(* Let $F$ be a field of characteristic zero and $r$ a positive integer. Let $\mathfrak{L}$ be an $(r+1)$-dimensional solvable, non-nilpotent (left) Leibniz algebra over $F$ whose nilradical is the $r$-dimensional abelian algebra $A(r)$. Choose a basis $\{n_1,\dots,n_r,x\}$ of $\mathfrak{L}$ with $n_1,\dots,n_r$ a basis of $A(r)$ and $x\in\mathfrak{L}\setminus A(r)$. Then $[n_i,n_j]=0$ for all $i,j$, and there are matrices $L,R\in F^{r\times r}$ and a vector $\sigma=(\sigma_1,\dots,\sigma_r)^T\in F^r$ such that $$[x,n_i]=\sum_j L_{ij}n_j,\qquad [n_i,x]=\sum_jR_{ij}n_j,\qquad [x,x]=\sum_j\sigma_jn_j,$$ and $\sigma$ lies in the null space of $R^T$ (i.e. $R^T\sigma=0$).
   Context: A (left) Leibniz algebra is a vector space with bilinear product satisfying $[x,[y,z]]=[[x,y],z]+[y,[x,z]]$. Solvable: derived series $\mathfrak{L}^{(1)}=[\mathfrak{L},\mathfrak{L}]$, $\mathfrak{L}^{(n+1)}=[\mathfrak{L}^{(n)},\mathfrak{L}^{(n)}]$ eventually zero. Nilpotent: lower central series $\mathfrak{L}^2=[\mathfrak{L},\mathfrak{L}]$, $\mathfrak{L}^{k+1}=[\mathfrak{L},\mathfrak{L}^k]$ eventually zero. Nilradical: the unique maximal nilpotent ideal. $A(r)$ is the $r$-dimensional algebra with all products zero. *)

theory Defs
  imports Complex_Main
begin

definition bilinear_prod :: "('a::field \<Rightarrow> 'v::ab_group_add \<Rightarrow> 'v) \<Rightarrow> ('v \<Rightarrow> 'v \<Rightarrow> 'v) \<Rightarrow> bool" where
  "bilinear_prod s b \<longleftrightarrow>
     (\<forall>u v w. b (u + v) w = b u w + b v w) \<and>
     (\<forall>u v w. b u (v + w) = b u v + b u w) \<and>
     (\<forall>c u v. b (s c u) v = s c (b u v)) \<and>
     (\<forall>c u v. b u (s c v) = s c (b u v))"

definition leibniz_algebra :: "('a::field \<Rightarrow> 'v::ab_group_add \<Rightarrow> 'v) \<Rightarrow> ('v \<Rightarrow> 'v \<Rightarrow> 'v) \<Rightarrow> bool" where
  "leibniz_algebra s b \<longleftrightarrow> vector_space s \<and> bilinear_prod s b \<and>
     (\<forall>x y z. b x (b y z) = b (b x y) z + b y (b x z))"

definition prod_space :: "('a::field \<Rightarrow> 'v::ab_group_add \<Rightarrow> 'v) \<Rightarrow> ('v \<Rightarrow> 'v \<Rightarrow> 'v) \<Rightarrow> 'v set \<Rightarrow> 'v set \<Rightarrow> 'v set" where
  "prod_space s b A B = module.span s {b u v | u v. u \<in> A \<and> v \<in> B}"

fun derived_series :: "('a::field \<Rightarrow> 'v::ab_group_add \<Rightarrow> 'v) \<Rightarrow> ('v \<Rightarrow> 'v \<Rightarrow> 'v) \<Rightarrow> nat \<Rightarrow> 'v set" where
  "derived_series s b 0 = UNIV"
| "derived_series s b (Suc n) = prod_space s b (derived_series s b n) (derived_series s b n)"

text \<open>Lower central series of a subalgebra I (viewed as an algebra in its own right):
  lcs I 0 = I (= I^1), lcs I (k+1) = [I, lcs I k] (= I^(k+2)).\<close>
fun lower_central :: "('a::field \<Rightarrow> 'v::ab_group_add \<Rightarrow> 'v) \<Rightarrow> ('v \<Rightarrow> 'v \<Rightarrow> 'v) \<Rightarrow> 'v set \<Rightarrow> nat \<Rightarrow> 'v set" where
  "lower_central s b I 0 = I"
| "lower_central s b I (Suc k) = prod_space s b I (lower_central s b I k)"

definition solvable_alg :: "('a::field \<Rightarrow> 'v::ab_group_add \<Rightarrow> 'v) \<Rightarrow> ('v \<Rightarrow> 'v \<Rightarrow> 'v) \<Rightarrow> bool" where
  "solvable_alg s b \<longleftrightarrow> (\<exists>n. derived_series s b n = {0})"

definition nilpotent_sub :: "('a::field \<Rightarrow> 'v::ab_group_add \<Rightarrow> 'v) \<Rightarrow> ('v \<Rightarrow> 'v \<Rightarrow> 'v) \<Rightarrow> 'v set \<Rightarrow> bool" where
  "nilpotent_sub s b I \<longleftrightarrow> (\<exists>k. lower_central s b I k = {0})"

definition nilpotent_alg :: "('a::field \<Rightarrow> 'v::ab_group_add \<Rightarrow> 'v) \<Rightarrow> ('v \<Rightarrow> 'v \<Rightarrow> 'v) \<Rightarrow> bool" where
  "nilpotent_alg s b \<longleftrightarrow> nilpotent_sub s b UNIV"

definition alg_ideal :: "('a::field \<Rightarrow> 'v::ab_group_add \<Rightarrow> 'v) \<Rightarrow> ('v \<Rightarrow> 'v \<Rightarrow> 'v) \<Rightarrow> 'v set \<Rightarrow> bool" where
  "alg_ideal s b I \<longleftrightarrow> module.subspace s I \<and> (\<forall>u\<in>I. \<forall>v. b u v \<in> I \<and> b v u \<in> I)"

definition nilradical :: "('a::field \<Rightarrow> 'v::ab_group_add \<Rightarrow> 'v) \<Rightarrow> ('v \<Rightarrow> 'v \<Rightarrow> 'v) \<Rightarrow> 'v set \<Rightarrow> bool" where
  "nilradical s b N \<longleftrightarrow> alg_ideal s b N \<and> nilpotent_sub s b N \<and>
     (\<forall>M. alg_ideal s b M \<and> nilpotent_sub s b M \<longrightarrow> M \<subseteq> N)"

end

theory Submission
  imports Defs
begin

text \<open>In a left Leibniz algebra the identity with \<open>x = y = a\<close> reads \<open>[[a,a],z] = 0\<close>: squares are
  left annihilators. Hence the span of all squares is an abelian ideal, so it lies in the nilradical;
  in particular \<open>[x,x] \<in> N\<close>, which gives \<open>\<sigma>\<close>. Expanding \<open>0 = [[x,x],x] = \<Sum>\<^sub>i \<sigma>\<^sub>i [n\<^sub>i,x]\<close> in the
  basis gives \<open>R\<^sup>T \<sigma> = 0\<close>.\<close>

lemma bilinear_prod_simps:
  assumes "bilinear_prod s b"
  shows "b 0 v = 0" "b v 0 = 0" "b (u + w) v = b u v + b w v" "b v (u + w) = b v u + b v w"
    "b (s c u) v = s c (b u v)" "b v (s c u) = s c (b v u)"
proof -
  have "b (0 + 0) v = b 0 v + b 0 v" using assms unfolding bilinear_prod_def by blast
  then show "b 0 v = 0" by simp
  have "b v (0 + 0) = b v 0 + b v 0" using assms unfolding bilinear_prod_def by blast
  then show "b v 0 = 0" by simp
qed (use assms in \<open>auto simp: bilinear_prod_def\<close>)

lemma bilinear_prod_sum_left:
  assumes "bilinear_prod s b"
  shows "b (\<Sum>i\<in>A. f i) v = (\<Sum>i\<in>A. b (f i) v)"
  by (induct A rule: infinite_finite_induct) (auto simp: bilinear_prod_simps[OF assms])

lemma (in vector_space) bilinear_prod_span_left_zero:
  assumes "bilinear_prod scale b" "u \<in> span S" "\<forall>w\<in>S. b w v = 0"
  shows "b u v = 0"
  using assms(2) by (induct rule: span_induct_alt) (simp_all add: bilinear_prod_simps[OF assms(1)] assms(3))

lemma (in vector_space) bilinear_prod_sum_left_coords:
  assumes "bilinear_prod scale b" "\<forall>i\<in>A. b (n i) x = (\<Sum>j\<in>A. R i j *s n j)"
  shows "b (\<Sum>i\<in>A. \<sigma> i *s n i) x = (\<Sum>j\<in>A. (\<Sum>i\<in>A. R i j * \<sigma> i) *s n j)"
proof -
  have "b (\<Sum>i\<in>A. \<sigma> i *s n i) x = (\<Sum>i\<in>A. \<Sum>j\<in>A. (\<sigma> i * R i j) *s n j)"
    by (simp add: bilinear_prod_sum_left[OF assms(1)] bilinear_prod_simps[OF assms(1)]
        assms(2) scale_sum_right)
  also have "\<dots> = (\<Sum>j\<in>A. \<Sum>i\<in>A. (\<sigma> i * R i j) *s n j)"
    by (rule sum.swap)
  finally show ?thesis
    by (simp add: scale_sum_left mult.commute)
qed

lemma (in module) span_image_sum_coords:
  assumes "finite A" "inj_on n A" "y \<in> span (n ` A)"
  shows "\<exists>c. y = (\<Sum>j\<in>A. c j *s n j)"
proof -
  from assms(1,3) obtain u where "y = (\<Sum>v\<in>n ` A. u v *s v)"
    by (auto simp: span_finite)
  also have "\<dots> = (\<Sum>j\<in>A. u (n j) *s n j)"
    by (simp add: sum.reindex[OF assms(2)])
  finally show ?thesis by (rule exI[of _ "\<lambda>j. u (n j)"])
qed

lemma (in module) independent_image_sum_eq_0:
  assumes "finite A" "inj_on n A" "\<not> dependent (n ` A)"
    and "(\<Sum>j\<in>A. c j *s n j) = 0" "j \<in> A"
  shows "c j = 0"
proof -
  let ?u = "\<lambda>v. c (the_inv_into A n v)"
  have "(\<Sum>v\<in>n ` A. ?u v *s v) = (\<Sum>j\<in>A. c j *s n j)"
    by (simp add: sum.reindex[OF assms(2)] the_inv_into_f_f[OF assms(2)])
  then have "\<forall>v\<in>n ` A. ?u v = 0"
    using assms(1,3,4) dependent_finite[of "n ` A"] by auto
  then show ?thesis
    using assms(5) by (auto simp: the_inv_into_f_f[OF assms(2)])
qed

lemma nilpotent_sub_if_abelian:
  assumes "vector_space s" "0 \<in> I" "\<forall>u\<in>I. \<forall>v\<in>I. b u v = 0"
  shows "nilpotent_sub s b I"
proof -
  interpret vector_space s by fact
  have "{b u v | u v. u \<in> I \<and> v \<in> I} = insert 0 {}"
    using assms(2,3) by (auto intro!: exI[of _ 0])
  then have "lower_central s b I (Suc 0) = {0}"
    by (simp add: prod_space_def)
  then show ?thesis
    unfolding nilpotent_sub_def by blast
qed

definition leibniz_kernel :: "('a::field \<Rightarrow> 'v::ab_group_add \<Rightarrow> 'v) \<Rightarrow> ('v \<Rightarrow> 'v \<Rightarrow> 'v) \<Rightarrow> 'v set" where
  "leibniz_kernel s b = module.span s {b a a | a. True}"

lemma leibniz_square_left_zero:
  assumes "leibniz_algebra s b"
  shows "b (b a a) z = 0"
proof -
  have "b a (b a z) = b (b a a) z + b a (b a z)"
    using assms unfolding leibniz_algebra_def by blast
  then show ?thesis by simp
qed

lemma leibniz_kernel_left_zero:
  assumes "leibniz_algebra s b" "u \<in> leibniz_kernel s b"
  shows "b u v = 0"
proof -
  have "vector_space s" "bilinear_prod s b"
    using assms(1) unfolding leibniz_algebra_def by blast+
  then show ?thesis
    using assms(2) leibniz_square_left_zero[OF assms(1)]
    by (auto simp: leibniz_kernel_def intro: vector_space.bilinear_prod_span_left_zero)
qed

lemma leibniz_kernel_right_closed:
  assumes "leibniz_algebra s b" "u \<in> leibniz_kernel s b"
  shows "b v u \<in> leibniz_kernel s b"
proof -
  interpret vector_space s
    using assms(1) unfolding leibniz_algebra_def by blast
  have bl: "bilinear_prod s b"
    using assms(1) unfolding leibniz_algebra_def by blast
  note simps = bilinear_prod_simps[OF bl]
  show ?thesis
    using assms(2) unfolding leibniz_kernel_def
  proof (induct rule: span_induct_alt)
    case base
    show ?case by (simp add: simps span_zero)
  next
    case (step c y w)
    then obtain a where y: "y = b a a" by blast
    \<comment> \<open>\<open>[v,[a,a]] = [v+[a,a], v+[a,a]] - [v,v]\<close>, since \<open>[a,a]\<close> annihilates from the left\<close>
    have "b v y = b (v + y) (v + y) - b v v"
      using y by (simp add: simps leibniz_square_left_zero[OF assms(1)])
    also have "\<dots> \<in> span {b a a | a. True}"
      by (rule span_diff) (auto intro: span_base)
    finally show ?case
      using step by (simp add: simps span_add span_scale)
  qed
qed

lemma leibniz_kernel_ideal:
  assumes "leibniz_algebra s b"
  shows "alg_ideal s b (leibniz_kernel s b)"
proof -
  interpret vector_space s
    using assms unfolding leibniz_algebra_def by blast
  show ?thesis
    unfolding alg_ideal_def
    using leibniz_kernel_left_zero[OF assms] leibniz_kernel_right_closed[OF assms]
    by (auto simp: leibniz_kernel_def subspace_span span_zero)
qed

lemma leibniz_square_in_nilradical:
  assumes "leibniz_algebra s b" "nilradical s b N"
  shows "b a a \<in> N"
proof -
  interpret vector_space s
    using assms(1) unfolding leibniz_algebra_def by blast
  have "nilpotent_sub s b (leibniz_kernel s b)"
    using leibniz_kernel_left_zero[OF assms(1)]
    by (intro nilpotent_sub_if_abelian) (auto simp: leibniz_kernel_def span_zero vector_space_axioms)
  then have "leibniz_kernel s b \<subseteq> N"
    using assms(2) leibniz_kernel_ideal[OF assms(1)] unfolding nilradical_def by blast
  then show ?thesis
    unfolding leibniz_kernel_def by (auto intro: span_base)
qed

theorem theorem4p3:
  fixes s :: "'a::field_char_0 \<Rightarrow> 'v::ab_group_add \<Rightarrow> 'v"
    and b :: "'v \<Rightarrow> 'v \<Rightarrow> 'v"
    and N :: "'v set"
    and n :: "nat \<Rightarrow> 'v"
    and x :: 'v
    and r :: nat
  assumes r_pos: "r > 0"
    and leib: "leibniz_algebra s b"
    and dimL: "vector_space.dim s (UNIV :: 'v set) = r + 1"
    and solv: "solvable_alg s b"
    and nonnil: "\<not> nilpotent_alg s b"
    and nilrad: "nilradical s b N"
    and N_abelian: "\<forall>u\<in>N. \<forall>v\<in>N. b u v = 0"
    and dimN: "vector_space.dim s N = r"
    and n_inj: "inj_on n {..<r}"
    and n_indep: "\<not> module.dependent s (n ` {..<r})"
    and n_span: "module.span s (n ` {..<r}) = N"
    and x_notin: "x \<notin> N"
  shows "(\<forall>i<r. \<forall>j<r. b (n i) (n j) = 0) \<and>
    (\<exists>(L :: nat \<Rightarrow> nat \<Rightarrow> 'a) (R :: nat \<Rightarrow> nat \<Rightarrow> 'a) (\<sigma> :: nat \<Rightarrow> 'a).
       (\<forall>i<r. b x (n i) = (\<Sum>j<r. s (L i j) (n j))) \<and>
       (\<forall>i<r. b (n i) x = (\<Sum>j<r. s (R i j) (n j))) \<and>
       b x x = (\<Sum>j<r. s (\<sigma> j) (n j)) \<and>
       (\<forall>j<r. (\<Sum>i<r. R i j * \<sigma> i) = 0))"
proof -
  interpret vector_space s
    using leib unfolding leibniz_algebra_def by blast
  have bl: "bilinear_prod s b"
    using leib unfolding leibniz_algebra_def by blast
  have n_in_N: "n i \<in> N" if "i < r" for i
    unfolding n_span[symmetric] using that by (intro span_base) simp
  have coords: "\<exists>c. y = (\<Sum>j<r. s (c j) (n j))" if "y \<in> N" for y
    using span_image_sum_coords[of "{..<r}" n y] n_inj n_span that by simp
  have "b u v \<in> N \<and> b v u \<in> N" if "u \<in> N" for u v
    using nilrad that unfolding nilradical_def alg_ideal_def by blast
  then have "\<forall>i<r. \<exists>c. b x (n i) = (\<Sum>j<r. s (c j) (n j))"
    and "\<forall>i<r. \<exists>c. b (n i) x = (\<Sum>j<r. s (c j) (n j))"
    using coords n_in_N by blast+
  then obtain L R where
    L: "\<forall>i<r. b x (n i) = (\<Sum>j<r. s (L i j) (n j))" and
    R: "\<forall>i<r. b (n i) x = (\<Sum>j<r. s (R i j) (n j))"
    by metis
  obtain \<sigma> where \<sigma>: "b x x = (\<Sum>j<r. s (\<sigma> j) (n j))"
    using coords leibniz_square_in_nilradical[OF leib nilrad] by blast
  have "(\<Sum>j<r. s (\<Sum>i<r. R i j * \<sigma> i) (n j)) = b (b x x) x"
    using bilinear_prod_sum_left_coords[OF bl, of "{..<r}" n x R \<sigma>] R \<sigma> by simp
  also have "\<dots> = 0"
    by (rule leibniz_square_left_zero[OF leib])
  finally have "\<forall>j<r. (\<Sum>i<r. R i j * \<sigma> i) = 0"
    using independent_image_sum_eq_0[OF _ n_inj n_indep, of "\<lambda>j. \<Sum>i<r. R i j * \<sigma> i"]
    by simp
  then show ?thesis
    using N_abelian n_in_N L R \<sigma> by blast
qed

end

→ **What to produce**
The word "that" may appear in several lines of the data; copy every line where it does.

→ **Task response**
(* Let $F$ be a field of characteristic zero and $r$ a positive integer. Let $\mathfrak{L}$ be an $(r+1)$-dimensional solvable, non-nilpotent (left) Leibniz algebra over $F$ whose nilradical is the $r$-dimensional abelian algebra $A(r)$. Choose a basis $\{n_1,\dots,n_r,x\}$ of $\mathfrak{L}$ with $n_1,\dots,n_r$ a basis of $A(r)$ and $x\in\mathfrak{L}\setminus A(r)$. Then $[n_i,n_j]=0$ for all $i,j$, and there are matrices $L,R\in F^{r\times r}$ and a vector $\sigma=(\sigma_1,\dots,\sigma_r)^T\in F^r$ such that $$[x,n_i]=\sum_j L_{ij}n_j,\qquad [n_i,x]=\sum_jR_{ij}n_j,\qquad [x,x]=\sum_j\sigma_jn_j,$$ and $\sigma$ lies in the null space of $R^T$ (i.e. $R^T\sigma=0$).
    unfolding n_span[symmetric] using that by (intro span_base) simp
    using span_image_sum_coords[of "{..<r}" n y] n_inj n_span that by simp
    using nilrad that unfolding nilradical_def alg_ideal_def by blast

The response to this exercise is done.